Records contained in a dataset
lemma sum_nonpos_if_beats:
  assumes fin: "finite N" and cons: "consistent_prefs d N vloc C cloc pref"
    and tour: "wmr1_tournament d N vloc C cloc pref tau beats"
    and PQ: "P \<in> C" "Q \<in> C" "P \<noteq> Q" "beats P Q" and L: "0 \<le> L"
    and winner: "\<And>i. i \<in> N \<Longrightarrow> pref i P Q \<Longrightarrow>
      g i \<le> - L * wmr1_weight tau (strong_pref d vloc cloc tau i P Q)"
    and loser: "\<And>i. i \<in> N \<Longrightarrow> pref i Q P \<Longrightarrow>
      g i \<le> L * wmr1_weight tau (strong_pref d vloc cloc tau i Q P)"
  shows "sum g N \<le> 0"
proof -
  let ?A = "{i \<in> N. pref i P Q}" and ?B = "{i \<in> N. pref i Q P}"
  have "N = ?A \<union> ?B" "?A \<inter> ?B = {}"
    using consistent_prefs_asym[OF cons _ PQ(1-3)] by blast+
  with fin have "sum g N = sum g ?A + sum g ?B"
    by (metis finite_Un sum.union_disjoint)
  moreover have "sum g ?A \<le> - L * wmr1_support d N vloc cloc pref tau P Q"
    unfolding wmr1_support_def sum_distrib_left using winner by (intro sum_mono) auto
  moreover have "sum g ?B \<le> L * wmr1_support d N vloc cloc pref tau Q P"
    unfolding wmr1_support_def sum_distrib_left using loser by (intro sum_mono) auto
  moreover have "L * wmr1_support d N vloc cloc pref tau Q P
      \<le> L * wmr1_support d N vloc cloc pref tau P Q"
    using wmr1_tournament_support_le[OF tour PQ] L by (rule mult_left_mono)
  ultimately show ?thesis by linarith
qed

lemma sum_nonpos_if_beats_by_strength:
  assumes fin: "finite N" and cons: "consistent_prefs d N vloc C cloc pref"
    and tour: "wmr1_tournament d N vloc C cloc pref tau beats"
    and PQ: "P \<in> C" "Q \<in> C" "P \<noteq> Q" "beats P Q" and L: "0 \<le> L"
  defines "p \<equiv> \<lambda>i. d (vloc i) (cloc P)" and "q \<equiv> \<lambda>i. d (vloc i) (cloc Q)"
    and "w \<equiv> wmr1_weight tau True"
  assumes strong_winner: "\<And>i. i \<in> N \<Longrightarrow> p i \<le> q i \<Longrightarrow> tau * p i < q i \<Longrightarrow> g i \<le> - L * w"
    and weak_winner: "\<And>i. i \<in> N \<Longrightarrow> p i \<le> q i \<Longrightarrow> q i \<le> tau * p i \<Longrightarrow> g i \<le> - L"
    and strong_loser: "\<And>i. i \<in> N \<Longrightarrow> q i \<le> p i \<Longrightarrow> tau * q i < p i \<Longrightarrow> g i \<le> L * w"
    and weak_loser: "\<And>i. i \<in> N \<Longrightarrow> q i \<le> p i \<Longrightarrow> p i \<le> tau * q i \<Longrightarrow> g i \<le> L"
  shows "sum g N \<le> 0"
proof (rule sum_nonpos_if_beats[OF fin cons tour PQ L])
  fix i assume i: "i \<in> N" and "pref i P Q"
  then have pq: "p i \<le> q i"
    using consistent_prefs_closer[OF cons i PQ(1-3)] by (simp add: p_def q_def)
  show "g i \<le> - L * wmr1_weight tau (strong_pref d vloc cloc tau i P Q)"
  proof (cases "tau * p i < q i")
    case True
    then show ?thesis using strong_winner[OF i pq True]
      by (simp add: strong_pref_def p_def q_def w_def)
  next
    case False
    then show ?thesis using weak_winner[OF i pq] 
      by (simp add: strong_pref_def p_def q_def)
  qed
next
  fix i assume i: "i \<in> N" and "pref i Q P"
  then have qp: "q i \<le> p i"
    using consistent_prefs_closer[OF cons i PQ(2,1) PQ(3)[symmetric]] by (simp add: p_def q_def)
  show "g i \<le> L * wmr1_weight tau (strong_pref d vloc cloc tau i Q P)"
  proof (cases "tau * q i < p i")
    case True
    then show ?thesis using strong_loser[OF i qp True]
      by (simp add: strong_pref_def p_def q_def w_def)
  next
    case False
    then show ?thesis using weak_loser[OF i qp]
      by (simp add: strong_pref_def p_def q_def)
  qed
qed

subsection \<open>One edge of the tournament\<close>

text \<open>
  In the next four lemmas p, q are the distances of a voter to the winner P and the
  loser Q, and D = d(P,Q).
\<close>

lemma strong_supporter_of_winner_step:
  fixes p q D f tau :: real
  assumes "1 \<le> tau" "tau + 2 \<le> f * tau" "0 \<le> p" "0 \<le> q" "D \<le> p + q" "tau * p < q"
  shows "p - f * q \<le> - D"
proof -
  have "(tau + 2) * q \<le> (f * tau) * q" "tau * D \<le> tau * (p + q)"
    using assms by (auto intro: mult_right_mono mult_left_mono)
  then have "tau * (p - f * q) \<le> tau * (- D)"
    using assms by (simp add: algebra_simps)
  then show ?thesis
    by (rule mult_left_le_imp_le) (use assms(1) in linarith)
qed

lemma weak_supporter_of_winner_step:
  fixes p q D f w :: real
  assumes "0 < w" "1 + 2 / w \<le> f" "0 \<le> q" "D \<le> p + q" "p \<le> q"
  shows "p - f * q \<le> - (D / w)"
proof -
  have "(2 / w) * q \<le> (f - 1) * q"
    using assms by (intro mult_right_mono) auto
  moreover have "D / w \<le> (2 * q) / w"
    using assms by (intro divide_right_mono) auto
  ultimately show ?thesis using assms by (simp add: algebra_simps)
qed

lemma strong_supporter_of_loser_step:
  fixes p q D f :: real
  assumes "1 \<le> f" "0 \<le> q" "p \<le> q + D"
  shows "p - f * q \<le> D"
  using assms mult_right_mono[of 1 f q] by simp

lemma weak_supporter_of_loser_step:
  fixes p q D f w tau :: real
  assumes "0 < w" "1 \<le> f" "0 \<le> D" "0 \<le> q" "p \<le> q + D" "q \<le> p" "p \<le> tau * q"
    and weight: "(tau - f) * w \<le> tau - 1"
  shows "p - f * q \<le> D / w"
proof (cases "f < tau")
  case False
  have "p - f * q \<le> (tau - f) * q"
    using assms by (simp add: algebra_simps)
  also have "\<dots> \<le> 0"
    using False assms by (simp add: mult_nonpos_nonneg)
  also have "0 \<le> D / w"
    using assms by simp
  finally show ?thesis .
next
  case True
  \<comment> \<open>a convex combination of p - q \<le> D and p - \<tau> q \<le> 0\<close>
  have "(tau - 1) * (p - f * q) = (tau - f) * (p - q) + (f - 1) * (p - tau * q)"
    by (simp add: algebra_simps)
  also have "\<dots> \<le> (tau - f) * D"
  proof -
    have "(tau - f) * (p - q) \<le> (tau - f) * D"
      using True assms by (intro mult_left_mono) auto
    moreover have "(f - 1) * (p - tau * q) \<le> 0"
      using assms by (intro mult_nonneg_nonpos) auto
    ultimately show ?thesis by linarith
  qed
  also have "\<dots> \<le> (tau - 1) * (D / w)"
  proof -
    have "(tau - f) * w * D \<le> (tau - 1) * D"
      using weight assms by (intro mult_right_mono) auto
    with assms show ?thesis by (simp add: field_simps)
  qed
  finally show ?thesis
    by (rule mult_left_le_imp_le) (use True assms in linarith)
qed

lemma social_cost_le_step_bound_if_beats:
  assumes ms: "Metric_space M d" and fin: "finite N" and "vloc ` N \<subseteq> M" "cloc ` C \<subseteq> M"
    and tau: "1 \<le> tau" and cons: "consistent_prefs d N vloc C cloc pref"
    and tour: "wmr1_tournament d N vloc C cloc pref tau beats"
    and PQ: "P \<in> C" "Q \<in> C" "P \<noteq> Q" "beats P Q"
  shows "social_cost d N vloc (cloc P) \<le> wmr1_step_bound tau * social_cost d N vloc (cloc Q)"
proof -
  define f w D where "f = wmr1_step_bound tau" and "w = wmr1_weight tau True"
    and "D = d (cloc P) (cloc Q)"
  have w: "0 < w" using wmr1_weight_strong_ge_1[OF tau] by (simp add: w_def)
  have D: "0 \<le> D" using Metric_space.nonneg[OF ms] by (simp add: D_def)
  have tri: "D \<le> d (vloc i) (cloc P) + d (vloc i) (cloc Q)"
      "d (vloc i) (cloc P) \<le> d (vloc i) (cloc Q) + D"
      "d (vloc i) (cloc Q) \<le> d (vloc i) (cloc P) + D" if "i \<in> N" for i
    using that assms(3,4) PQ Metric_space.triangle[OF ms] Metric_space.triangle'[OF ms]
      Metric_space.triangle''[OF ms] unfolding D_def by (meson image_subset_iff)+
  have f: "1 \<le> f" "tau + 2 \<le> f * tau" "1 + 2 / w \<le> f" "(tau - f) * w \<le> tau - 1"
    using wmr1_step_bound_ge_1[OF tau] wmr1_step_bound_times_tau[OF tau]
      wmr1_step_bound_ge_weight[OF tau] wmr1_step_bound_weight_gap[OF tau]
    unfolding f_def w_def by auto
  note nonneg = Metric_space.nonneg[OF ms]
  have "(\<Sum>i\<in>N. d (vloc i) (cloc P) - f * d (vloc i) (cloc Q)) \<le> 0"
  proof (rule sum_nonpos_if_beats_by_strength[OF fin cons tour PQ, where L = "D / w"])
    show "0 \<le> D / w" using D w by simp
  next
    fix i assume "i \<in> N" "d (vloc i) (cloc P) \<le> d (vloc i) (cloc Q)"
      "tau * d (vloc i) (cloc P) < d (vloc i) (cloc Q)"
    with strong_supporter_of_winner_step[OF tau f(2) nonneg nonneg tri(1)] w
    show "d (vloc i) (cloc P) - f * d (vloc i) (cloc Q) \<le> - (D / w) * wmr1_weight tau True"
      by (simp add: w_def)
  next
    fix i assume "i \<in> N" "d (vloc i) (cloc P) \<le> d (vloc i) (cloc Q)"
    with weak_supporter_of_winner_step[OF w f(3) nonneg tri(1)]
    show "d (vloc i) (cloc P) - f * d (vloc i) (cloc Q) \<le> - (D / w)"
      by simp
  next
    fix i assume "i \<in> N"
    with strong_supporter_of_loser_step[OF f(1) nonneg tri(2)] w
    show "d (vloc i) (cloc P) - f * d (vloc i) (cloc Q) \<le> D / w * wmr1_weight tau True"
      by (simp add: w_def)
  next
    fix i assume "i \<in> N" "d (vloc i) (cloc Q) \<le> d (vloc i) (cloc P)"
      "d (vloc i) (cloc P) \<le> tau * d (vloc i) (cloc Q)"
    with weak_supporter_of_loser_step[OF w f(1) D nonneg tri(2) _ _ f(4)]
    show "d (vloc i) (cloc P) - f * d (vloc i) (cloc Q) \<le> D / w"
      by simp
  qed
  then show ?thesis
    by (simp add: social_cost_def f_def sum_subtractf sum_distrib_left)
qed

subsection \<open>A detour through an arbitrary candidate\<close>

text \<open>
  In this section a voter is at distances p, q, z from P, Q, Z, and x = d(Z,P),
  y = d(Z,Q). For \<tau> \<le> 2 and for \<tau> \<ge> 3 the multiplier below makes
  p - q - 2z \<le> L \<times> (signed weight) hold for every voter.
\<close>

definition detour_multiplier :: "real \<Rightarrow> real \<Rightarrow> real \<Rightarrow> real" where
  "detour_multiplier tau x y =
     (if 3 \<le> tau then max 0 (x - y)
      else max 0 (max ((x - y) / tau) (min (x - y) ((tau - 1) * y))))"

lemma detour_multiplier_nonneg: "0 \<le> detour_multiplier tau x y"
  by (simp add: detour_multiplier_def)

lemma strong_supporter_of_winner_detour:
  fixes p q z x y tau :: real
  assumes "x \<le> z + p" "q \<le> z + y" "tau * p < q" "1 \<le> tau" "tau \<le> 3"
    "0 \<le> p" "0 \<le> y" "0 \<le> z"
  shows "p - q - 2 * z \<le> - (tau * min (x - y) ((tau - 1) * y))"
proof -
  \<comment> \<open>the combination with weights 3 - \<tau> and 2\<tau> - 2 of the bounds
      p - q - 2z \<le> 2p - 2q - x + y and p - q - 2z \<le> 3p - q - 2x\<close>
  have "(3 - tau) * (p - q - 2 * z) \<le> (3 - tau) * (2 * p - 2 * q - x + y)"
    using assms by (intro mult_left_mono) auto
  moreover have "(2 * tau - 2) * (p - q - 2 * z) \<le> (2 * tau - 2) * (3 * p - q - 2 * x)"
    using assms by (intro mult_left_mono) auto
  ultimately have "(1 + tau) * (p - q - 2 * z) \<le> (3 - tau) * y - (3 * tau - 1) * x"
    using assms by (simp add: algebra_simps)
  also have "\<dots> \<le> (1 + tau) * (- (tau * min (x - y) ((tau - 1) * y)))"
  proof (cases "x \<le> tau * y")
    case True
    have "(tau - 1)\<^sup>2 * x \<le> (tau - 1)\<^sup>2 * (tau * y)"
      using True by (intro mult_left_mono) auto
    moreover have "(tau - 3) * (tau + 1) * ((tau - 1) * y) \<le> 0"
      using assms by (intro mult_nonpos_nonneg) (auto intro: mult_nonpos_nonneg)
    ultimately show ?thesis
      using True by (simp add: algebra_simps power2_eq_square min_def)
  next
    case False
    have "(3 * tau - 1) * (tau * y) \<le> (3 * tau - 1) * x"
      using False assms by (intro mult_left_mono) auto
    moreover have "(tau - 3) * ((tau - 1) * (tau + 1)) * y \<le> 0"
      using assms by (intro mult_nonpos_nonneg) auto
    ultimately show ?thesis
      using False by (simp add: algebra_simps min_def)
  qed
  finally show ?thesis
    by (rule mult_left_le_imp_le) (use assms in linarith)
qed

- Exercise details
Would you print exactly, and only, the lines of the data above from the line with "by (rule mult_left_le_imp_le) (use True" through the line with "using that assms(3,4)", inclusive?

- Answer to this problem
    by (rule mult_left_le_imp_le) (use True assms in linarith)
qed

lemma social_cost_le_step_bound_if_beats:
  assumes ms: "Metric_space M d" and fin: "finite N" and "vloc ` N \<subseteq> M" "cloc ` C \<subseteq> M"
    and tau: "1 \<le> tau" and cons: "consistent_prefs d N vloc C cloc pref"
    and tour: "wmr1_tournament d N vloc C cloc pref tau beats"
    and PQ: "P \<in> C" "Q \<in> C" "P \<noteq> Q" "beats P Q"
  shows "social_cost d N vloc (cloc P) \<le> wmr1_step_bound tau * social_cost d N vloc (cloc Q)"
proof -
  define f w D where "f = wmr1_step_bound tau" and "w = wmr1_weight tau True"
    and "D = d (cloc P) (cloc Q)"
  have w: "0 < w" using wmr1_weight_strong_ge_1[OF tau] by (simp add: w_def)
  have D: "0 \<le> D" using Metric_space.nonneg[OF ms] by (simp add: D_def)
  have tri: "D \<le> d (vloc i) (cloc P) + d (vloc i) (cloc Q)"
      "d (vloc i) (cloc P) \<le> d (vloc i) (cloc Q) + D"
      "d (vloc i) (cloc Q) \<le> d (vloc i) (cloc P) + D" if "i \<in> N" for i
    using that assms(3,4) PQ Metric_space.triangle[OF ms] Metric_space.triangle'[OF ms]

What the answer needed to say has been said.